[Exercise details] Find the lines in the records that carry the word "rinstance". Copy each one.

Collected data
◇ ◇ ◇ ◇ ◇ ◇ ◇

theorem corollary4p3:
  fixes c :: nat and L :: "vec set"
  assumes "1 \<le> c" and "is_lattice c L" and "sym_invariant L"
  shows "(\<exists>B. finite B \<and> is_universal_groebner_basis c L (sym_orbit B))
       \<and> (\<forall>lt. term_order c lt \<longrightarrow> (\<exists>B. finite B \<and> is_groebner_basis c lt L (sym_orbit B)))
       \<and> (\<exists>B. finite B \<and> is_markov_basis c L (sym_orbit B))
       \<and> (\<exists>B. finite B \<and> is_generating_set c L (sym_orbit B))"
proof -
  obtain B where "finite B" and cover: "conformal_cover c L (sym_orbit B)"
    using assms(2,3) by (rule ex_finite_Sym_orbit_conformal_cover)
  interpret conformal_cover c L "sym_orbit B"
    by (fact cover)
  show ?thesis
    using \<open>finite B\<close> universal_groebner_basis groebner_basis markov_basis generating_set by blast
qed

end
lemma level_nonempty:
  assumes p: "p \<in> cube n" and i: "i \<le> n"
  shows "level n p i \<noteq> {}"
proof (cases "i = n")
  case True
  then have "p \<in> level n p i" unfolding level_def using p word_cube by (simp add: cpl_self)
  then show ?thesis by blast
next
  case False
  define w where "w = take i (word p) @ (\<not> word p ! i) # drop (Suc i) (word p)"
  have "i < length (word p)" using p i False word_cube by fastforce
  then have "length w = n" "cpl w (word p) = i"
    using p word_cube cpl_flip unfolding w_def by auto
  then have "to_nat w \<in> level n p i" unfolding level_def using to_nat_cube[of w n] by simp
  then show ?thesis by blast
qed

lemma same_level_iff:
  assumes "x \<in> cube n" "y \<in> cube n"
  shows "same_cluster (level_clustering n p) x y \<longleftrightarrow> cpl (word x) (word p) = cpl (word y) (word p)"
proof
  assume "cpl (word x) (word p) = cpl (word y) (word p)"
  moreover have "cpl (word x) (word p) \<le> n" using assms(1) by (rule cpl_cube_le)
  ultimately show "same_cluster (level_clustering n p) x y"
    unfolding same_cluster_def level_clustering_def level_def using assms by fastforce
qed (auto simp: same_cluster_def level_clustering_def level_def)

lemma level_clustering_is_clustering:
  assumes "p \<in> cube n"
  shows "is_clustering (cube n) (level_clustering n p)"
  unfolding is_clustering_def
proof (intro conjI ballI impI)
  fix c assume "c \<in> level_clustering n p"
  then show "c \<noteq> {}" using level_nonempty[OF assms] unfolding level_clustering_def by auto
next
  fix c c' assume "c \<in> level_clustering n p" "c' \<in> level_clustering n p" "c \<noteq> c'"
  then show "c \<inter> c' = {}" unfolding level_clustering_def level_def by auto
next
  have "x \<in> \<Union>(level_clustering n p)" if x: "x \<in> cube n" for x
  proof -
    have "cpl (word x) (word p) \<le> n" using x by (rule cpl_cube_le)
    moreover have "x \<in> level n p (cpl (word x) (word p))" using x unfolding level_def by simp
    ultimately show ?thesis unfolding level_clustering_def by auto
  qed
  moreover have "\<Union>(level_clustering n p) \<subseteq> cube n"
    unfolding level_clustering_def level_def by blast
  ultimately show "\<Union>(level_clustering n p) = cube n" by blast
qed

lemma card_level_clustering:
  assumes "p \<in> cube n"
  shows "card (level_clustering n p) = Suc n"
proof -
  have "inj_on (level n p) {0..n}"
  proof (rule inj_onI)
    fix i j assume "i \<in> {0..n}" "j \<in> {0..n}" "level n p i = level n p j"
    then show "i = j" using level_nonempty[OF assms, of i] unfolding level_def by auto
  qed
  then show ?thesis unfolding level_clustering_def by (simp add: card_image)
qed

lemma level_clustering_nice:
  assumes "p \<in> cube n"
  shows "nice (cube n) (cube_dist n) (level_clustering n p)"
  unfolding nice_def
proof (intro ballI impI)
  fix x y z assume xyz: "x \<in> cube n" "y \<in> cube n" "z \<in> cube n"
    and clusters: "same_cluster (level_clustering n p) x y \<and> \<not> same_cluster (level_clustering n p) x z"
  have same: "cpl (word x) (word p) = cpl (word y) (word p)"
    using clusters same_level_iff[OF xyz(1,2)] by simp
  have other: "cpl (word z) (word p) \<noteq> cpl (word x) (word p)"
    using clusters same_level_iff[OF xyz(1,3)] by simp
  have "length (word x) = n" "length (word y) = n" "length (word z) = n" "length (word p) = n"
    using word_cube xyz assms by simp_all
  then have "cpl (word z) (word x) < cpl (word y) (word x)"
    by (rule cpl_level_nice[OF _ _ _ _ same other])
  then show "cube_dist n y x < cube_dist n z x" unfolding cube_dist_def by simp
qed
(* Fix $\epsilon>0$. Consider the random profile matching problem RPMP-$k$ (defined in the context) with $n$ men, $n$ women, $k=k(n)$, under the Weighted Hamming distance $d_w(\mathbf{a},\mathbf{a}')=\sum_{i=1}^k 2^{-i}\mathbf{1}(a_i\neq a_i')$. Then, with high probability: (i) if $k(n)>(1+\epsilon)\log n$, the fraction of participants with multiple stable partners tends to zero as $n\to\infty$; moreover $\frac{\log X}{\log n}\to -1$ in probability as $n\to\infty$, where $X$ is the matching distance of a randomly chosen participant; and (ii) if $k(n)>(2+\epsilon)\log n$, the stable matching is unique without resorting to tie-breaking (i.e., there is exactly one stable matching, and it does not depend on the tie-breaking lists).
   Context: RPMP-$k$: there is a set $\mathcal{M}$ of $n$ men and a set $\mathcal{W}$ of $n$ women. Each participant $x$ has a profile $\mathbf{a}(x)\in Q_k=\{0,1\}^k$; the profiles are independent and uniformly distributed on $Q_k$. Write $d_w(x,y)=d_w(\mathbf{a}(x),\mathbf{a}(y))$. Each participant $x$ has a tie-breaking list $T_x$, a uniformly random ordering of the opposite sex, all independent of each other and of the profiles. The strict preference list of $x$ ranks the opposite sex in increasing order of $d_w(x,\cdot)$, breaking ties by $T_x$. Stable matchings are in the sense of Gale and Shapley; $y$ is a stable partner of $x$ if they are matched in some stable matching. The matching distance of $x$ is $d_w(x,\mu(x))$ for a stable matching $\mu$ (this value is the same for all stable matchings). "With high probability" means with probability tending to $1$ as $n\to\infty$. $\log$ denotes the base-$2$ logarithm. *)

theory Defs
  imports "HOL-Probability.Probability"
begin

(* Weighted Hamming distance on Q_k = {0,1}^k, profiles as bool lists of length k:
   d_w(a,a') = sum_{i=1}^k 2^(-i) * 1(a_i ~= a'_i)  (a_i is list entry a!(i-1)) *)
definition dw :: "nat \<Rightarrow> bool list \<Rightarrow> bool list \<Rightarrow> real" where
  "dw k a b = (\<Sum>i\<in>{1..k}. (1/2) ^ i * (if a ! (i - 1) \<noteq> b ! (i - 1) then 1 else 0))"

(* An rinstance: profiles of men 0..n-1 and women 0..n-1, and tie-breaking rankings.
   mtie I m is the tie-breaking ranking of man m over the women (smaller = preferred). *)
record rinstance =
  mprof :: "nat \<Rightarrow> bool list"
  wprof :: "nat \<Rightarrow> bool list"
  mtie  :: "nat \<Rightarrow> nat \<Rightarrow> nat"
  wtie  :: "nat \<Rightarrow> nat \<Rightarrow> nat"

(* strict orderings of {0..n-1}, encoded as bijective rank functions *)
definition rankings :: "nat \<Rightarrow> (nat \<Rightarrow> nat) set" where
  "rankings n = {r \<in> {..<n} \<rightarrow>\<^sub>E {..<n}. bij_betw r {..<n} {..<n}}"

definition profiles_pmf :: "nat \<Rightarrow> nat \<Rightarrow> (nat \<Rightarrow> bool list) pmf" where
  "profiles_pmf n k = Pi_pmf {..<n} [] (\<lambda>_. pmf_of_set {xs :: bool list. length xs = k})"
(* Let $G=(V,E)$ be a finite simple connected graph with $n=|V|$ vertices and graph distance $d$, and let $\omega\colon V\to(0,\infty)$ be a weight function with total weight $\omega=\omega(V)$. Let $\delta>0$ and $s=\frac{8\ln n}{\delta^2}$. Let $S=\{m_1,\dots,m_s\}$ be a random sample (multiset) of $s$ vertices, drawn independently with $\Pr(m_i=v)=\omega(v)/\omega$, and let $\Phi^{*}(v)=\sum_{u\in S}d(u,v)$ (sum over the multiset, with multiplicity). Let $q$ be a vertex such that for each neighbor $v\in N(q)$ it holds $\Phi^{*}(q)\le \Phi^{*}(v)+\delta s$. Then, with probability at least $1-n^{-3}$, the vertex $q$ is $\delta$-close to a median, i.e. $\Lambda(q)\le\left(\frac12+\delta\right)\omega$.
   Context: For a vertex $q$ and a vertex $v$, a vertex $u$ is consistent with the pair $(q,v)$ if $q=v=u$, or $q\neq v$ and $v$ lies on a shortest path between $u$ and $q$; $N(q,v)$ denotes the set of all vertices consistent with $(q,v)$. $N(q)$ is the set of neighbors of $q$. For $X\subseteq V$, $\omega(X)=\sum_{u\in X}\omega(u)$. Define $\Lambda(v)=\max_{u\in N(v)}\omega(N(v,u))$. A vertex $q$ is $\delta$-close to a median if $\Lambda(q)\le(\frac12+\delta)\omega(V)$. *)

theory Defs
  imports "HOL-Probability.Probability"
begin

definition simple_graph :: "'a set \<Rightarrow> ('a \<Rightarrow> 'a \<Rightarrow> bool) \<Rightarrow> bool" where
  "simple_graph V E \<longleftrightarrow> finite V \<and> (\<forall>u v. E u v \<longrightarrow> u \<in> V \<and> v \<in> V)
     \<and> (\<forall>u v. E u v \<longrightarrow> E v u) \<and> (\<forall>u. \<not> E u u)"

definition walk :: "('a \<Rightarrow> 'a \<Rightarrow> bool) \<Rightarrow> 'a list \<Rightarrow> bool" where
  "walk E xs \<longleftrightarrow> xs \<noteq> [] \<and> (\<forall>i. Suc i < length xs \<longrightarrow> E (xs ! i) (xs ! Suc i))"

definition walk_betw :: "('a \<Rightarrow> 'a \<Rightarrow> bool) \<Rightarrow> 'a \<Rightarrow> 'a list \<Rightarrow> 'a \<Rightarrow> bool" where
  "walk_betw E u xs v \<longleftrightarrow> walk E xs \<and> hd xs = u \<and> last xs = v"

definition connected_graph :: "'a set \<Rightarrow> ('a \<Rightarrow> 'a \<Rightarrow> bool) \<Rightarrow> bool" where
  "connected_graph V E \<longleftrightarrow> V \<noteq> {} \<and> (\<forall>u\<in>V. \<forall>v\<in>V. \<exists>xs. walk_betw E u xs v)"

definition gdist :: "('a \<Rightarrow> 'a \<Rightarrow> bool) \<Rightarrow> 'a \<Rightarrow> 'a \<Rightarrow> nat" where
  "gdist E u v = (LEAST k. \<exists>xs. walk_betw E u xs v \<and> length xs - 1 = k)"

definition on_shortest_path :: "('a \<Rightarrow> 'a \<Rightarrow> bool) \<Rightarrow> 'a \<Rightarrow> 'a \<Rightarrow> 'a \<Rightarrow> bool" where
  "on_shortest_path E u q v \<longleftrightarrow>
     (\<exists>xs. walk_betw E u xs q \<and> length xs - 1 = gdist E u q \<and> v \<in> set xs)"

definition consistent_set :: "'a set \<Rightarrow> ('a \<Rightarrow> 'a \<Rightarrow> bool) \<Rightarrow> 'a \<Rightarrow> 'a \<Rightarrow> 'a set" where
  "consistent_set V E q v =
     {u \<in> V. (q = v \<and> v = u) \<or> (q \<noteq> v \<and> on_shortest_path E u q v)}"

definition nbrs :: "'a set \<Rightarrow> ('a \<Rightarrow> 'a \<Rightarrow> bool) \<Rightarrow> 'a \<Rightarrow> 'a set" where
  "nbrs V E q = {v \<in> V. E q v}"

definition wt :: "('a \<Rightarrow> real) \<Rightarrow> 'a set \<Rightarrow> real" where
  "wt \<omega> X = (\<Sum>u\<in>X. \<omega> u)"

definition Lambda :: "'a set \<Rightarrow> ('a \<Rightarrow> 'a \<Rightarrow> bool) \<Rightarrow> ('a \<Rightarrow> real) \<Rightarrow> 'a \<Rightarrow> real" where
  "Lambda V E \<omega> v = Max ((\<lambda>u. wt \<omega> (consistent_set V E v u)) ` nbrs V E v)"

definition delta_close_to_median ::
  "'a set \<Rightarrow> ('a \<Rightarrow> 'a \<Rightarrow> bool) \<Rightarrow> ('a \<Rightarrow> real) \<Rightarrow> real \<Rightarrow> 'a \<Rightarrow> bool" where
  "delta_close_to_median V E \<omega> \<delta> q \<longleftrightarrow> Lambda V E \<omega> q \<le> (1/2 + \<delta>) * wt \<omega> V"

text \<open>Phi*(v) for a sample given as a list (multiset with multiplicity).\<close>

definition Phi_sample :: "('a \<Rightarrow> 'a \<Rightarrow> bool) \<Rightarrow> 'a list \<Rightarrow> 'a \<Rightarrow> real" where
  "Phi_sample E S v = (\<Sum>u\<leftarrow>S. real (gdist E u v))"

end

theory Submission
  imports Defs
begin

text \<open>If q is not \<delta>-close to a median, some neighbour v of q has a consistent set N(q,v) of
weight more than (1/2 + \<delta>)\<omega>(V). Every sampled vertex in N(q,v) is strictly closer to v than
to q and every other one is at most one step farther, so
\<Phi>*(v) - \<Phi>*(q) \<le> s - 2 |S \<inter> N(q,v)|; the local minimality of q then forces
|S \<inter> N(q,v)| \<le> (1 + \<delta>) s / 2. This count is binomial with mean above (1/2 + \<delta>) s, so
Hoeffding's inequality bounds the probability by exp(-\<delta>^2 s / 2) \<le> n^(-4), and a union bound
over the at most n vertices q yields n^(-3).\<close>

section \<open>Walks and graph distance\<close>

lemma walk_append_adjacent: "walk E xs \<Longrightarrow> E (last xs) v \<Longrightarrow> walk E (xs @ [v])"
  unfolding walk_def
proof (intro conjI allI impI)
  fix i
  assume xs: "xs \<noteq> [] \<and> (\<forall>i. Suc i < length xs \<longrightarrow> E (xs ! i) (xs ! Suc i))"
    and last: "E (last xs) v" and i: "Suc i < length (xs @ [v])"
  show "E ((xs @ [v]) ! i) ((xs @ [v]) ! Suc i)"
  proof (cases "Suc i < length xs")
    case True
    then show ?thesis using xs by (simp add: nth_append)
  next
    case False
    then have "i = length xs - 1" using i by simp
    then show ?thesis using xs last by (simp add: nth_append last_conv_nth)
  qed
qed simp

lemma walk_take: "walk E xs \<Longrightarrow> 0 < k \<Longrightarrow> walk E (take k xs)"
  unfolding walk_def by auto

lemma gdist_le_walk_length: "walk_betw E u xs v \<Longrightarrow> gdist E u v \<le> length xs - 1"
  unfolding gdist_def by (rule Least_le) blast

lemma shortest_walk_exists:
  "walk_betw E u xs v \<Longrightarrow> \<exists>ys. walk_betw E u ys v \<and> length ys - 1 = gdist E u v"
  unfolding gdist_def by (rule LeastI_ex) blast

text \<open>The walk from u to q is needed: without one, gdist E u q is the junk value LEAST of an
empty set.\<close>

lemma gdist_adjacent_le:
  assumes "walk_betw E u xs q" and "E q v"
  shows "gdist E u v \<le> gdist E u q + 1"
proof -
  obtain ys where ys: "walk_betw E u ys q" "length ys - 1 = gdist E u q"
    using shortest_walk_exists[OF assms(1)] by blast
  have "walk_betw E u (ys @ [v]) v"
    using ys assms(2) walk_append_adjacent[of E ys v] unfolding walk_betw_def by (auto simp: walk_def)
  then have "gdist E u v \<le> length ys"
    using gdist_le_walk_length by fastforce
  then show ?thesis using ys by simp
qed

◇ ◇ ◇ ◇ ◇ ◇ ◇

[Your solution]
(* An rinstance: profiles of men 0..n-1 and women 0..n-1, and tie-breaking rankings.
record rinstance =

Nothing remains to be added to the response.